The mock data configurations including the name of the output file and repository/branch for mock data can be found and modified in the config file for each gateway.

For instance, here is a snippet of the config file for a test gateway named Carina:

general:
  log_file: general.log
  gateway_name: carina
  gateway_location: datalogger-mock
  gateway_power_mode: ac # "ac" or "battery"
  data_dir: /data
  apps_dir: /home/ubuntu/miscellaneous
  datalogger_data_dir: datalogger-data
  git_repo: [email protected]:FLARE-forecast/miscellaneous.git
  git_data_branch: datalogger-mock-data
  git_logs_branch: carina-logs
  module_toggler_log_file: module-toggler.log

datalogger_mock_data_generator:
  is_enabled: true
  log_file: datalogger-mock-data-generator.log
  data_file: datalogger-mock-data.csv
  interval: 10 # Frequency of generating data in minutes

Config File Location

The config file can be found here:
Carina Config File

Sample Mock Data Output for the Test Gateway (Carina)

Mock Data Output

Sample Mock Data Logs for the Test Gateway (Carina)

Mock Data Logs

Test Gateway (Carina) Startup Notifications

Startup Notifications

FLARE Repositories Backup Service

The backup service downloads FLARE repositories on Jetstream2 Front VM and pushes them to Amazon Glacier periodically.

Backup Service Code

GitHub Backup Services

The code uses the GitHub API and needs a token to access the repositories.

GitHub Head Backup

  • Downloads just the latest commits on each branch of every GitHub repo on the 15th of each month at 06:00 AM UTC and pushes them to Amazon Glacier.

  • Backup size: A few hundred MB.

  • The service runs as a cron job:

    00 06 15 * * ~/applications/github-backup/head-backup/github-head-backup.sh
  • Storage space: /dev/sdb mounted on /home/ubuntu/applications/github-backup/head-backup

GitHub Full Backup

  • GitHub Full Backup service downloads the entire history on each branch of every GitHub repo on 1st of each month at 06:00 AM UTC and keeps just the last backup locally on the VM.
  • Backup size: a few tens of GB.
  • The service runs as a cron job:
    0 06 01 * * ~/applications/github-backup/full-backup/github-full-backup.sh

Note 1: Due to lack of space, after each full backup, the backup gets moved from full-backup directory to head-backup directory which is on a separate disk leaving enough space on the full-backup disk for the future backup.

Note 2: Backup files cannot be kept on the VM disk space indefinitely.
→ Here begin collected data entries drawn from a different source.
(* Let $k$ be an algebraically closed field of characteristic zero and let $G=N\rtimes H$ be a finite group with normal subgroup $N$ and complement $H$, so that $(G,H,N)$ is a factorized group. Then the bismash product $k^H\# kN$ is isomorphic as a $k$-algebra to the group algebra $k(\mathbb Z_{|H|}\times N)$.
   Context: A factorized group $(G,L,F)$ is a finite group $G$ with subgroups $L,F$ such that $L\cap F=1$ and $G=LF$; each $lf$ ($l\in L$, $f\in F$) is uniquely $({}^{[l]}f)(l^{[f]})$ with ${}^{[l]}f\in F$, $l^{[f]}\in L$. The bismash product $k^L\# kF$ is the algebra with basis $l\# f$ ($l\in L$, $f\in F$) and multiplication $(l\# f)(\bar l\#\bar f)=\delta_{l^{[f]},\bar l}\, l\#(f\bar f)$, unit $\sum_{l} l\#1$. Here $L=H$ and $F=N$. *)

theory Defs
  imports "HOL-Algebra.Algebra" "HOL-Computational_Algebra.Polynomial"
begin

definition alg_closed :: "'k::field itself \<Rightarrow> bool" where
  "alg_closed _ \<longleftrightarrow> (\<forall>p::'k poly. degree p > 0 \<longrightarrow> (\<exists>x. poly p x = 0))"

definition factorized_group :: "('g, 'm) monoid_scheme \<Rightarrow> 'g set \<Rightarrow> 'g set \<Rightarrow> bool" where
  "factorized_group G L F \<longleftrightarrow> group G \<and> finite (carrier G) \<and> subgroup L G \<and> subgroup F G
     \<and> L \<inter> F = {\<one>\<^bsub>G\<^esub>} \<and> L <#>\<^bsub>G\<^esub> F = carrier G"

definition ract :: "('g, 'm) monoid_scheme \<Rightarrow> 'g set \<Rightarrow> 'g set \<Rightarrow> 'g \<Rightarrow> 'g \<Rightarrow> 'g" where
  "ract G L F l f = (THE l'. l' \<in> L \<and> (\<exists>f'\<in>F. l \<otimes>\<^bsub>G\<^esub> f = f' \<otimes>\<^bsub>G\<^esub> l'))"

definition lact :: "('g, 'm) monoid_scheme \<Rightarrow> 'g set \<Rightarrow> 'g set \<Rightarrow> 'g \<Rightarrow> 'g \<Rightarrow> 'g" where
  "lact G L F l f = (THE f'. f' \<in> F \<and> (\<exists>l'\<in>L. l \<otimes>\<^bsub>G\<^esub> f = f' \<otimes>\<^bsub>G\<^esub> l'))"

text \<open>Bismash product k^L # kF: an element is the coefficient function on basis pairs (l,f),
  i.e. the element sum a(l,f) l#f; supported on L \<times> F.  Addition and scalar multiplication
  are pointwise.  Multiplication extends (l#f)(l'#f') = \<delta>_{l^[f],l'} l#(f f') bilinearly.\<close>
definition bismash_carrier :: "'g set \<Rightarrow> 'g set \<Rightarrow> ('g \<times> 'g \<Rightarrow> 'k::field) set" where
  "bismash_carrier L F = {a. \<forall>x. x \<notin> L \<times> F \<longrightarrow> a x = 0}"

definition bismash_mult :: "('g, 'm) monoid_scheme \<Rightarrow> 'g set \<Rightarrow> 'g set
    \<Rightarrow> ('g \<times> 'g \<Rightarrow> 'k::field) \<Rightarrow> ('g \<times> 'g \<Rightarrow> 'k) \<Rightarrow> ('g \<times> 'g \<Rightarrow> 'k)" where
  "bismash_mult G L F a b = (\<lambda>(l, g).
     if l \<in> L \<and> g \<in> F then
       (\<Sum>(f, f') \<in> F \<times> F. if f \<otimes>\<^bsub>G\<^esub> f' = g then a (l, f) * b (ract G L F l f, f') else 0)
     else 0)"

definition bismash_one :: "('g, 'm) monoid_scheme \<Rightarrow> 'g set \<Rightarrow> 'g set \<Rightarrow> ('g \<times> 'g \<Rightarrow> 'k::field)" where
  "bismash_one G L F = (\<lambda>(l, f). if l \<in> L \<and> f = \<one>\<^bsub>G\<^esub> then 1 else 0)"

definition galg_carrier :: "('g, 'm) monoid_scheme \<Rightarrow> ('g \<Rightarrow> 'k::field) set" where
  "galg_carrier K = {a. \<forall>x. x \<notin> carrier K \<longrightarrow> a x = 0}"

definition galg_mult :: "('g, 'm) monoid_scheme \<Rightarrow> ('g \<Rightarrow> 'k::field) \<Rightarrow> ('g \<Rightarrow> 'k) \<Rightarrow> ('g \<Rightarrow> 'k)" where
  "galg_mult K a b = (\<lambda>z. if z \<in> carrier K then
       (\<Sum>x \<in> carrier K. a x * b (inv\<^bsub>K\<^esub> x \<otimes>\<^bsub>K\<^esub> z)) else 0)"

definition galg_one :: "('g, 'm) monoid_scheme \<Rightarrow> ('g \<Rightarrow> 'k::field)" where
  "galg_one K = (\<lambda>z. if z = \<one>\<^bsub>K\<^esub> then 1 else 0)"

definition kalg_iso ::
  "('a \<Rightarrow> 'k::field) set \<Rightarrow> (('a \<Rightarrow> 'k) \<Rightarrow> ('a \<Rightarrow> 'k) \<Rightarrow> ('a \<Rightarrow> 'k)) \<Rightarrow> ('a \<Rightarrow> 'k)
   \<Rightarrow> ('b \<Rightarrow> 'k) set \<Rightarrow> (('b \<Rightarrow> 'k) \<Rightarrow> ('b \<Rightarrow> 'k) \<Rightarrow> ('b \<Rightarrow> 'k)) \<Rightarrow> ('b \<Rightarrow> 'k)
   \<Rightarrow> (('a \<Rightarrow> 'k) \<Rightarrow> ('b \<Rightarrow> 'k)) \<Rightarrow> bool" where
  "kalg_iso A mA oA B mB oB \<phi> \<longleftrightarrow>
     bij_betw \<phi> A B
     \<and> (\<forall>a\<in>A. \<forall>b\<in>A. \<phi> (\<lambda>x. a x + b x) = (\<lambda>y. \<phi> a y + \<phi> b y))
     \<and> (\<forall>c. \<forall>a\<in>A. \<phi> (\<lambda>x. c * a x) = (\<lambda>y. c * \<phi> a y))
     \<and> (\<forall>a\<in>A. \<forall>b\<in>A. \<phi> (mA a b) = mB (\<phi> a) (\<phi> b))
     \<and> \<phi> oA = oB"

end

theory Submission
  imports Defs
begin

text \<open>
  Because \<open>N\<close> is normal, \<open>l f = (l f l\<inverse>) l\<close> shows that the right action \<open>l\<^bsup>[f]\<^esup>\<close> is trivial, so
  \<open>k\<^sup>H # kN\<close> is just the algebra of functions \<open>H \<rightarrow> kN\<close> with pointwise product.  As \<open>k\<close> is
  algebraically closed of characteristic zero, it has exactly \<open>n = |H|\<close> roots of unity of order
  dividing \<open>n\<close>; labelling the elements of \<open>H\<close> by them identifies \<open>H\<close> with the dual of \<open>\<int>\<^sub>n\<close>.
  The discrete Fourier transform in the \<open>H\<close>-variable then turns the pointwise product into
  convolution over \<open>\<int>\<^sub>n\<close>, which is an isomorphism onto \<open>k(\<int>\<^sub>n \<times> N)\<close>.
\<close>

lemma card_roots_rsquarefree:
  fixes p :: "'k::field_char_0 poly"
  assumes "alg_closed TYPE('k)" and "rsquarefree p"
  shows "card {x. poly p x = 0} = degree p"
  using assms(2)
proof (induction "degree p" arbitrary: p)
  case 0
  then have "p \<noteq> 0" by (simp add: rsquarefree_def)
  moreover from 0 obtain c where "p = [:c:]" by (metis degree_eq_zeroE)
  ultimately have "{x. poly p x = 0} = {}" by auto
  with 0 show ?case by simp
next
  case (Suc d p)
  then have p0: "p \<noteq> 0" by (simp add: rsquarefree_def)
  from assms(1) Suc.hyps(2) obtain r where "poly p r = 0"
    unfolding alg_closed_def by (metis zero_less_Suc)
  then obtain q where pq: "p = [:-r, 1:] * q" using poly_eq_0_iff_dvd by blast
  with p0 have q0: "q \<noteq> 0" by auto
  have "degree p = degree [:-r, 1:] + degree q"
    unfolding pq by (rule degree_mult_eq) (use q0 in auto)
  then have "degree q = d" using Suc.hyps(2) by simp
  have order_p: "order a p = order a [:-r, 1:] + order a q" for a
    using p0 pq order_mult by metis
  have order_p_le: "order a p \<le> 1" for a
    using Suc.prems unfolding rsquarefree_def by (metis le_refl zero_le)
  have "order r [:-r, 1:] = 1" using order_power_n_n[of r 1] by simp
  then have "order r q = 0" using order_p_le[of r] order_p[of r] by linarith
  then have "poly q r \<noteq> 0" using order_root q0 by blast
  moreover have "rsquarefree q"
    unfolding rsquarefree_def using q0 order_p_le order_p by (metis add_leE le_eq_less_or_eq less_one)
  moreover have "{x. poly p x = 0} = insert r {x. poly q x = 0}" using pq by auto
  ultimately show ?case
    using Suc.hyps \<open>degree q = d\<close> poly_roots_finite[OF q0] by simp
qed

lemma card_roots_of_unity:
  assumes "alg_closed TYPE('k::field_char_0)" and "0 < n"
  shows "card {x::'k. x ^ n = 1} = n"
proof -
  define p :: "'k poly" where "p = monom 1 n + [:-1:]"
  have poly_p: "poly p x = x ^ n - 1" for x by (simp add: p_def poly_monom)
  have "degree p = n" using assms(2) unfolding p_def
    by (simp add: degree_add_eq_left degree_monom_eq)
  have "pderiv p = monom (of_nat n) (n - 1)" unfolding p_def
    by (simp add: pderiv_monom pderiv_add pderiv_pCons)
  then have poly_dp: "poly (pderiv p) x = of_nat n * x ^ (n - 1)" for x by (simp add: poly_monom)
  have "rsquarefree p"
    unfolding rsquarefree_roots poly_p poly_dp using assms(2) by (auto simp: power_0_left)
  moreover have "{x. poly p x = 0} = {x. x ^ n = 1}" by (simp add: poly_p)
  ultimately show ?thesis using card_roots_rsquarefree[OF assms(1)] \<open>degree p = n\<close> by metis
qed

lemma
  fixes n :: nat
  assumes "0 < n"
  shows finite_roots_of_unity: "finite {x::'k::field. x ^ n = 1}"
    and card_roots_of_unity_le: "card {x::'k::field. x ^ n = 1} \<le> n"
proof -
  define p :: "'k poly" where "p = monom 1 n + [:-1:]"
  have "degree p = n" using assms unfolding p_def
    by (simp add: degree_add_eq_left degree_monom_eq)
  with assms have "p \<noteq> 0" by auto
  moreover have "{x. poly p x = 0} = {x. x ^ n = 1}" by (auto simp: p_def poly_monom)
  ultimately show "finite {x::'k. x ^ n = 1}" "card {x::'k. x ^ n = 1} \<le> n"
    using poly_roots_finite card_poly_roots_bound \<open>degree p = n\<close> by metis+
qed

lemma power_int_mod_root_of_unity:
  fixes x :: "'k::field"
  assumes "x ^ n = 1"
  shows "x powi (k mod int n) = x powi k"
proof (cases "n = 0")
  case False
  then have "x \<noteq> 0" using assms by (metis power_0_left zero_neq_one)
  have "x powi (int n * (k div int n)) = 1"
    using assms by (simp add: power_int_mult)
  then have "x powi k = x powi (k mod int n + int n * (k div int n))" by simp
  also have "\<dots> = x powi (k mod int n)"
    by (subst power_int_add) (use \<open>x \<noteq> 0\<close> \<open>x powi (int n * (k div int n)) = 1\<close> in simp_all)
  finally show ?thesis ..
qed simp

lemma sum_power_int_root_of_unity:
  fixes x :: "'k::field"
  assumes "x ^ n = 1"
  shows "(\<Sum>m\<in>{0..<int n}. x powi m) = (if x = 1 then of_nat n else 0)"
proof -
  have "{0..<int n} = int ` {..<n}" by (simp add: image_int_atLeastLessThan lessThan_atLeast0)
  then have "(\<Sum>m\<in>{0..<int n}. x powi m) = (\<Sum>k<n. x ^ k)" by (simp add: sum.reindex)
  with assms show ?thesis by (simp add: sum_gp_strict)
qed

lemma sum_roots_of_unity_power_int:
  assumes card: "card {x::'k::field. x ^ n = 1} = n" and "0 < n"
  shows "(\<Sum>r | r ^ n = 1. r powi k) = (if int n dvd k then of_nat n else (0::'k))"
proof (cases "int n dvd k")
  case True
  have "r powi k = 1" if "r ^ n = 1" for r :: 'k
    using power_int_mod_root_of_unity[OF that, of k] True by simp
  with True card show ?thesis by simp
next
  case False
  define R where "R = {x::'k. x ^ n = 1}"
  have nonzero: "r \<noteq> 0" if "r \<in> R" for r using that \<open>0 < n\<close> by (auto simp: R_def zero_power)
  define e where "e = nat (k mod int n)"
  have "0 < e" using False \<open>0 < n\<close> pos_mod_sign[of "int n" k] unfolding e_def by (auto simp: dvd_eq_mod_eq_0)
  have "e < n" using \<open>0 < n\<close> unfolding e_def by (simp add: nat_less_iff)
  have powi_k: "r powi k = r ^ e" if "r \<in> R" for r
    using power_int_mod_root_of_unity[of r n k] that \<open>0 < n\<close>
    by (simp add: R_def e_def power_int_nonneg_exp)
  \<comment> \<open>at most \<open>e < n\<close> roots of unity satisfy \<open>r\<^sup>e = 1\<close>, so some \<open>s\<close> has \<open>s powi k \<noteq> 1\<close>;
      multiplication by \<open>s\<close> permutes \<open>R\<close> and scales the sum by \<open>s powi k\<close>\<close>
  have "card {r\<in>R. r powi k = 1} \<le> card {x::'k. x ^ e = 1}"
    using powi_k by (intro card_mono finite_roots_of_unity \<open>0 < e\<close>) auto
  also have "\<dots> < card R"
    using card_roots_of_unity_le[OF \<open>0 < e\<close>, where 'k='k] \<open>e < n\<close> card unfolding R_def by linarith
  finally have "{r\<in>R. r powi k = 1} \<noteq> R" by auto
  then obtain s where s: "s \<in> R" "s powi k \<noteq> 1" by blast
  have "(\<Sum>r\<in>R. (s * r) powi k) = (\<Sum>r\<in>R. r powi k)"
  proof (rule sum.reindex_bij_witness[of R "\<lambda>r. inverse s * r" "\<lambda>r. s * r"])
  qed (use s nonzero in \<open>auto simp: R_def power_mult_distrib power_inverse\<close>)
  then have "s powi k * (\<Sum>r\<in>R. r powi k) = (\<Sum>r\<in>R. r powi k)"
    by (simp add: power_int_mult_distrib sum_distrib_left)
  then have "(s powi k - 1) * (\<Sum>r\<in>R. r powi k) = 0" by (simp add: algebra_simps)
  with s False show ?thesis by (simp add: R_def)
qed

lemma (in group) complement_factor_unique:
  assumes "subgroup N G" "subgroup H G" "H \<inter> N = {\<one>}"
    and "f \<in> N" "f' \<in> N" "l \<in> H" "l' \<in> H" "f \<otimes> l = f' \<otimes> l'"
  shows "l = l'"
proof -
  have f: "f \<in> carrier G" using subgroup.mem_carrier[OF assms(1,4)] .
  have f': "f' \<in> carrier G" using subgroup.mem_carrier[OF assms(1,5)] .
  have l: "l \<in> carrier G" using subgroup.mem_carrier[OF assms(2,6)] .
  have l': "l' \<in> carrier G" using subgroup.mem_carrier[OF assms(2,7)] .
  have "l' = inv f' \<otimes> (f \<otimes> l)"
    using assms(8) by (rule iffD2[OF inv_solve_left[OF l' f' m_closed[OF f l]]])
  then have "l' = inv f' \<otimes> f \<otimes> l" by (simp only: m_assoc[OF inv_closed[OF f'] f l])
  then have "inv f' \<otimes> f = l' \<otimes> inv l"
    by (rule iffD2[OF inv_solve_right[OF m_closed[OF inv_closed[OF f'] f] l' l]])
  moreover have "inv f' \<otimes> f \<in> N"
    using subgroup.m_closed[OF assms(1) subgroup.m_inv_closed[OF assms(1,5)] assms(4)] .
  moreover have "l' \<otimes> inv l \<in> H"
    using subgroup.m_closed[OF assms(2,7) subgroup.m_inv_closed[OF assms(2,6)]] .
  ultimately have "l' \<otimes> inv l \<in> H \<inter> N" by (metis IntI)
  then have "\<one> = l' \<otimes> inv l" using assms(3) by simp
  then have "l' = \<one> \<otimes> l" by (rule iffD1[OF inv_solve_right[OF one_closed l' l]])
  then show ?thesis using l by simp
qed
Otherwise, the VM will eventually run out of disk space. The old backup files may be removed from the VM disk periodically (e.g., once a year). Backup files on Amazon Glacier are kept indefinitely, though.


Maintenance and Troubleshooting

File Exceeds 100 MB Limit on Local Git Repo

GitHub has a hard limit of 100 MB on file size. Sensor data files can exceed this limit, usually in a couple of years of operation. If that happens, the pushes from the local repo to the remote repo fail. To prevent this problem, we need to split the data file into smaller files.

Legacy Files

We move the older observations (e.g., previous year observations) to separate legacy files.

Example:

  • Current data file, FCRmet.csv in fcre-metstation-data branch:
    FCRmet.csv

  • Legacy files, FCRmet_legacy_2018.csv, FCRmet_legacy_2019.csv, etc., in fcre-metstation-data-qaqc branch:
    Legacy Files

File Splitting Process

File splitting should happen on the gateway itself to make sure the modified data files are not rewritten by unchanged data files from the gateways. To insure the process is not interrupted by new observations being added to the data files, the datalogger network interface can be taken down wile maintenance is ongoing and current data in local Git repositories needs to be synced with remote GitHub repositories.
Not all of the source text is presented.